(ATR) Sources tell Around the Rings that discontent is growing to the point that Mario Vazquez Rana may face no confidence votes at upcoming meetings of the two National Olympic Committee organizations that he leads.
One source says "open warfare" exists between Vazquez Rana and the NOCs he is supposed to represent..
The latest controversy comes after a temper-filled meeting in London this week of the Association of National Olympic Committees executive council. In an Around the Rings story earlier this week, two participants downplayed tension at the meeting.
However, comments from other sources since then indicate the meeting was a disaster for Vazquez Rana, who hastily left when it was over, ATR is told.
Members of the Council openly challenged the removal of Australia’s Kevan Gosper as vice chair of Olympic Solidarity, which Vazquez Rana chairs.Olympic Solidarity disperses hundreds of millions in revenues from the Games to the world’s national Olympic committees.
Council members discovered at the London meeting that Gosper had been replaced with ANOC secretary general Gunilla Lindberg. Sources at the meeting say that Vazquez Rana insisted that Gosper had been removed as Olympic Solidarity vice chair at the request of IOC President Jacques Rogge. That is not the case says an IOC source.

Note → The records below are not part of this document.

section \<open>A series summing to \<open>\<infinity>\<^sub>B + u\<close>\<close>

locale series_eq_infty_band_plus =
  fixes X B :: "'a::{ordered_real_vector, conditionally_complete_lattice} set"
    and x :: "nat \<Rightarrow> 'a" and u :: 'a
  assumes subspace: "riesz_subspace X"
    and dense: "order_dense X"
    and nonneg: "\<And>k. 0 \<le> x k"
    and band: "band_of X B"
    and series_eq: "sc_eq X (sc_tail_sum X x 0) (sc_plus (sc_infty B) (sc_emb X u))"
begin

lemma inf_tail_0_eq: "v \<in> X \<Longrightarrow> inf_tail x 0 v = (SUP w\<in>sc_plus B (sc_emb X u). inf v w)"
  using series_eq cSup_inf_sc_tail_sum [OF subspace dense nonneg]
  unfolding sc_eq_def sc_infty_def by simp

lemma below_u_exists:
  obtains c where "c \<in> X" "c \<le> u"
  using series_eq by (auto simp: sc_eq_def up_directed_def mem_sc_plus_sc_emb sc_infty_def)

lemma band_scaleR: "p \<in> B \<Longrightarrow> c *\<^sub>R p \<in> B"
  using band by (simp add: band_of_def)
(* Let $\Gamma$ be a group that is the directed union of a directed family $(\Gamma_i)_{i\in I}$ of subgroups. Let $n \in \mathbb{N}$, suppose $\operatorname{H}^n_b(\Gamma_i;\mathbb{R}) \cong 0$ for all $i \in I$, and suppose there is a finite constant $K$ bounding the $n$-th vanishing moduli of all $\Gamma_i$. Then $\operatorname{H}^n_b(\Gamma;\mathbb{R}) \cong 0$.
   Context: $\operatorname{C}^n_b(G;\mathbb{R}) = \ell^\infty(G^{n+1})^G$ (bounded real functions invariant under the diagonal action) with supremum norm $|\cdot|_\infty$ and homogeneous coboundary $\delta^n_b$; $\operatorname{H}^*_b(G;\mathbb{R})$ is its cohomology. If $\operatorname{H}^n_b(G;\mathbb{R})\cong 0$, the $n$-th vanishing modulus of $G$ is the minimal $K \in \mathbb{R}_{\geq 0}\cup\{\infty\}$ such that for every $c \in \ker \delta^n_b$ there is $b \in \operatorname{C}^{n-1}_b(G;\mathbb{R})$ with $\delta^{n-1}_b(b) = c$ and $|b|_\infty \leq K |c|_\infty$. *)

theory Defs
  imports "HOL-Algebra.Group" "HOL-Library.Extended_Real" Complex_Main
begin

text \<open>An n-cochain is a real function on (n+1)-tuples of group elements, represented as
 lists of length n+1 with entries in carrier G; only its values on such lists matter.\<close>

definition tuples :: "('a, 'b) monoid_scheme \<Rightarrow> nat \<Rightarrow> 'a list set" where
  "tuples G m = {xs. length xs = m \<and> set xs \<subseteq> carrier G}"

Vasquez Rana has not responded to requests for comment about the meeting.
Olympic Council of Asia president Sheikh Ahmad al Sabah wrote to IOC president Jacques Rogge, expressing his dismay over Gosper’s removal. Of the five continental NOC associations, only the Pan American Sports Organization, of which Vazquez Rana is the president, was not a signatory to the letter.

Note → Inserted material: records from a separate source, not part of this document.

abbreviation \<nu> :: "'u \<Rightarrow> 'u" where "\<nu> x \<equiv> f e x"

lemma mult_closed: "x \<in> U \<Longrightarrow> y \<in> U \<Longrightarrow> f x y \<in> U"
  using supertropical_monoid unfolding supertropical_monoid_def comm_monoid_abs_def by blast

lemma mult_assoc: "x \<in> U \<Longrightarrow> y \<in> U \<Longrightarrow> w \<in> U \<Longrightarrow> f (f x y) w = f x (f y w)"
  using supertropical_monoid unfolding supertropical_monoid_def comm_monoid_abs_def by blast

lemma mult_commute: "x \<in> U \<Longrightarrow> y \<in> U \<Longrightarrow> f x y = f y x"
  using supertropical_monoid unfolding supertropical_monoid_def comm_monoid_abs_def by blast

lemma zero_mult: "x \<in> U \<Longrightarrow> f z x = z"
  using supertropical_monoid unfolding supertropical_monoid_def comm_monoid_abs_def by blast

lemma zero_in: "z \<in> U"
  using supertropical_monoid unfolding supertropical_monoid_def comm_monoid_abs_def by blast

lemma ghost_unit_in: "e \<in> U"
  and ghost_unit_idem: "f e e = e"
  and ghost_eq_zero: "x \<in> U \<Longrightarrow> \<nu> x = z \<Longrightarrow> x = z"
  and ghost_bipotent: "bipotent_semiring (\<nu> ` U) f e z le"
  using supertropical_monoid unfolding supertropical_monoid_def by blast+

lemma ghost_le_antisym: "x \<in> U \<Longrightarrow> y \<in> U \<Longrightarrow> le (\<nu> x) (\<nu> y) \<Longrightarrow> le (\<nu> y) (\<nu> x) \<Longrightarrow> \<nu> x = \<nu> y"
  by (rule bipotent_le_antisym[OF ghost_bipotent]) auto

lemma ghost_le_total: "x \<in> U \<Longrightarrow> y \<in> U \<Longrightarrow> le (\<nu> x) (\<nu> y) \<or> le (\<nu> y) (\<nu> x)"
  by (rule bipotent_le_total[OF ghost_bipotent]) auto

lemma ghost_le_trans:
  "x \<in> U \<Longrightarrow> y \<in> U \<Longrightarrow> w \<in> U \<Longrightarrow> le (\<nu> x) (\<nu> y) \<Longrightarrow> le (\<nu> y) (\<nu> w) \<Longrightarrow> le (\<nu> x) (\<nu> w)"
  by (rule bipotent_le_trans[OF ghost_bipotent, of _ "\<nu> y"]) auto

lemma ghost_mult_le_mono:
  "x \<in> U \<Longrightarrow> y \<in> U \<Longrightarrow> w \<in> U \<Longrightarrow> le (\<nu> x) (\<nu> y) \<Longrightarrow> le (f (\<nu> x) (\<nu> w)) (f (\<nu> y) (\<nu> w))"
  by (rule bipotent_mult_le_mono[OF ghost_bipotent]) auto

lemma nu_idem [simp]: "x \<in> U \<Longrightarrow> \<nu> (\<nu> x) = \<nu> x"
  using mult_assoc[OF ghost_unit_in ghost_unit_in] ghost_unit_idem by simp

lemma mult_nu_right:
  assumes "w \<in> U" "x \<in> U"
  shows "f w (\<nu> x) = \<nu> (f w x)"
proof -
  have "f w (\<nu> x) = f (f w e) x"
    using assms ghost_unit_in by (simp add: mult_assoc)
  also have "\<dots> = \<nu> (f w x)"
    using assms ghost_unit_in by (simp add: mult_assoc mult_commute[of w e])
  finally show ?thesis .
qed

lemma nu_mult:
  assumes "x \<in> U" "y \<in> U"
  shows "\<nu> (f x y) = f (\<nu> x) (\<nu> y)"
proof -
  have "f (\<nu> x) (\<nu> y) = \<nu> (f x (\<nu> y))"
    using assms ghost_unit_in by (simp add: mult_assoc mult_closed)
  also have "\<dots> = \<nu> (f x y)"
    using assms by (simp add: mult_nu_right mult_closed)
  finally show ?thesis ..
qed

lemma nu_zero [simp]: "\<nu> z = z"
  using mult_commute[OF ghost_unit_in zero_in] zero_mult[OF ghost_unit_in] by simp

lemma ghost_mult_left: "w \<in> U \<Longrightarrow> y \<in> U \<Longrightarrow> \<nu> w = w \<Longrightarrow> \<nu> (f w y) = f w y"
  using mult_assoc[OF ghost_unit_in, of w y] by simp

lemma ghost_iff: "x \<in> U \<Longrightarrow> x \<in> \<nu> ` U \<longleftrightarrow> \<nu> x = x"
  by (metis image_iff nu_idem)

lemma nu_less_trans:
  "x \<in> U \<Longrightarrow> y \<in> U \<Longrightarrow> w \<in> U \<Longrightarrow> ord_less le (\<nu> x) (\<nu> y) \<Longrightarrow> ord_less le (\<nu> y) (\<nu> w) \<Longrightarrow>
    ord_less le (\<nu> x) (\<nu> w)"
  unfolding ord_less_def by (metis ghost_le_antisym ghost_le_trans)

lemma nu_less_asym: "x \<in> U \<Longrightarrow> y \<in> U \<Longrightarrow> ord_less le (\<nu> x) (\<nu> y) \<Longrightarrow> \<not> ord_less le (\<nu> y) (\<nu> x)"
  unfolding ord_less_def using ghost_le_antisym by blast

lemma nu_cases:
  assumes "x \<in> U" "y \<in> U"
  obtains "ord_less le (\<nu> x) (\<nu> y)" | "ord_less le (\<nu> y) (\<nu> x)" | "\<nu> x = \<nu> y"
  using ghost_le_total[OF assms] that unfolding ord_less_def by metis

lemma st_add_commute:
  assumes "x \<in> U" "y \<in> U"
  shows "st_add f e le x y = st_add f e le y x"
  using assms by (cases rule: nu_cases[OF assms]) (auto simp: st_add_def dest: nu_less_asym)

lemma st_add_less: "ord_less le (\<nu> x) (\<nu> y) \<Longrightarrow> st_add f e le x y = y"
  unfolding st_add_def by simp

lemma st_add_greater: "x \<in> U \<Longrightarrow> y \<in> U \<Longrightarrow> ord_less le (\<nu> y) (\<nu> x) \<Longrightarrow> st_add f e le x y = x"
  using nu_less_asym[of y x] by (simp add: st_add_def)

lemma st_add_tie: "\<nu> x = \<nu> y \<Longrightarrow> st_add f e le x y = \<nu> x"
  unfolding st_add_def ord_less_def by simp

lemma st_add_assoc:
  assumes x: "x \<in> U" and y: "y \<in> U" and w: "w \<in> U"
  shows "st_add f e le (st_add f e le x y) w = st_add f e le x (st_add f e le y w)"
proof (cases rule: nu_cases[OF x y])
  case xy: 1
  show ?thesis
  proof (cases rule: nu_cases[OF y w])
    case 1
    with xy show ?thesis by (simp add: st_add_less nu_less_trans[OF x y w])
  next
    case 2
    with xy show ?thesis by (simp add: st_add_less st_add_greater y w)
  next
    case 3
    with xy show ?thesis by (simp add: st_add_less st_add_tie w)
  qed
next
  case xy: 2
  show ?thesis
  proof (cases rule: nu_cases[OF y w])
    case 1
    with xy show ?thesis by (simp add: st_add_less st_add_greater x y)
  next
    case 2
    with xy show ?thesis by (simp add: st_add_greater nu_less_trans[OF w y x] x y w)
  next
    case 3
    with xy show ?thesis by (simp add: st_add_greater st_add_tie x y w mult_closed ghost_unit_in)
  qed
next
  case xy: 3
  show ?thesis
  proof (cases rule: nu_cases[OF y w])
    case 1
    with xy show ?thesis by (simp add: st_add_less st_add_tie y)
  next
    case 2
    with xy show ?thesis by (simp add: st_add_greater st_add_tie x y w mult_closed ghost_unit_in)
  next
    case 3
    with xy show ?thesis by (simp add: st_add_tie x y w)
  qed
qed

A source at the IOC confirmed receipt of the letter to Rogge but said the IOC was trying to keep its distance from the affair.
The source added Lindberg did not want or seek the Olympic Solidarity position and was likened to a "hostage" in the scenario. Lindberg has not been available for comment on the meeting.

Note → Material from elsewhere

(* Let $G$ be a finite graph, and let $L$ be an induced subgraph of $G$. Let $\mathcal{F}$ be a set of connected subgraphs of $L$. Let $k,\theta\in\mathbb{N}$ and $r,r',\xi,\eta\in\mathbb{R}_{\ge0}$ with $r'\ge r/2$. Let $Z\subseteq V(G)$ with $N_G(V(L))\subseteq Z$ be $(\xi,\eta)$-centered in $G$. If $L$ does not contain $k$ members of $\mathcal{F}$ pairwise at distance in $G$ at least $r$, then there exist $Z^*\subseteq V(G)$ with $N_G^{\le r'}[Z]\subseteq Z^*\subseteq N_G^{\le r'}[Z]\cup V(L)$ and a (possibly empty) set $\mathcal{H}$ of disjoint connected induced subgraphs of $L$ with $|\mathcal{H}|\le k-1$ such that 1. $Z^*$ is $(\xi+\max\{2k-3,1\}\cdot(3\theta-3),\,\eta+2r')$-centered in $G$ and intersects all members of $\mathcal{F}\setminus(\mathcal{F}\cap\bigcup_{H\in\mathcal{H}}H)$, 2. $Z^*\setminus N_G^{\le 2r'}[Z]$ is $(\max\{2k-3,1\}\cdot(3\theta-3),\,2r')$-centered in $G$, and 3. for every $H\in\mathcal{H}$, the $(G,\mathcal{F}\cap H,r',\theta,Z^* )$-tangle in $H$ exists, $N_G(V(H))\subseteq Z^*$, and $H$ contains every component $C$ of $L-Z^*$ with $V(H)\cap V(C)\ne\emptyset$.
   Context: $\operatorname{dist}_G$ is graph distance in $G$, extended to sets and subgraphs by minima; $N_G^{\le r}[S]=\{v:\operatorname{dist}_G(v,S)\le r\}$, $N_G(S)=N_G^{\le1}[S]\setminus S$. A set $Z$ is $(k,r)$-centered in $G$ if $Z\subseteq N_G^{\le r}[W]$ for some $W$ with $|W|\le k$. For a subgraph $A$ and vertex set $S$, $A-S$ deletes $S\cap V(A)$. For a set $\mathcal{F}$ of subgraphs, $\mathcal{F}-S$ is the set of members disjoint from $S$, and for a subgraph $L'$, $\mathcal{F}\cap L'$ is the set of members that are subgraphs of $L'$. A separation of a graph $L'$ is a pair $(A,B)$ of edge-disjoint subgraphs with $A\cup B=L'$, of order $|V(A)\cap V(B)|$. A tangle in $L'$ of order $\theta$ is a set $\mathcal{T}$ of separations of $L'$ of order less than $\theta$ such that (T1) for every separation $(A,B)$ of order less than $\theta$, $(A,B)\in\mathcal{T}$ or $(B,A)\in\mathcal{T}$; (T2) no three members $(A_i,B_i)$ satisfy $A_1\cup A_2\cup A_3=L'$; (T3) $V(A)\ne V(L')$ for all $(A,B)\in\mathcal{T}$. For an induced subgraph $L'$ of $G$, a set $\mathcal{F}'$ of subgraphs of $L'$, $r'\ge0$, $\theta\in\mathbb{N}$ and $Z'\subseteq V(G)$, the $(G,\mathcal{F}',r',\theta,Z')$-tangle in $L'$ is the set of all separations $(A,B)$ of $L'$ of order less than $\theta$ such that $A-N_G^{\le r'}[V(A\cap B)]$ contains no member of $\mathcal{F}'-N_G^{\le r'}[Z']$ but $B-N_G^{\le r'}[V(A\cap B)]$ contains a member of $\mathcal{F}'-N_G^{\le r'}[Z']$; it is said to exist when this set is a tangle in $L'$ of order $\theta$. *)

theory Defs
  imports Main "HOL-Library.Extended_Real"
begin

Sheikh Ahmad is in line to become ANOC President when Vasquez Rana's term is over in 2015 under a succession plan adopted at the December ANOC Council meeting.
For the better part of two years, Vasquez Rana has sparred with his fellow Olympic leaders and IOC members, growing increasingly isolated from the rest of the Olympic Movement.
His first fight grew out of the ANOC General Assembly in Acapulco, Mexico in late 2010. Vasquez Rana wanted to remain on the IOC Executive Board for the remainder of his term, despite exceeding the IOC age limit of 80 this year. He won a resolution from the 204-member ANOC assembly asking the IOC to allow Vazquez Rana to remain on the EB. His request was rejected by the IOC president in 2011.
Resigned to his fate with the IOC, Vazquez Rana grudginglystood aside in December when the ANOC Council selected European Olympic Committees president Patrick Hickey as the nominee to succeed Vasquez Rana on the EB.
Now, a challenge is looming in PASO, which Vasquez Rana has led since 1975. A group of NOCs from the Caribbean are reportedly spearheading an effort to call a vote of no confidence on Vasquez Rana. He is seeking reelection to a new term at the PASO Assembly in Mexico City March 6 to 8. Similarly, another confidence vote could arise when ANOC holds its General Assembly in Moscow, April 10 to18.
Besides the possible challenges to his leadership at PASO and ANOC, Vazquez Rana still has not won the endorsement of the IOC president to continue at the helm of Olympic Solidarity. Rogge has said he had yet to make a decision about the post, which by tradition is filled by an active IOC member.
Upon his IOC retirement this year, Vazquez Rana was expected to be named an honorary IOC member, as is the case with other retired members. Honorary IOC membership may convey a status sufficient for him to keep the reins at Olympic Solidarity. But open warfare between the ANOC chief and the NOCs, as well as frayed relations with the IOC president, could cost Vazquez Rana that prize as well.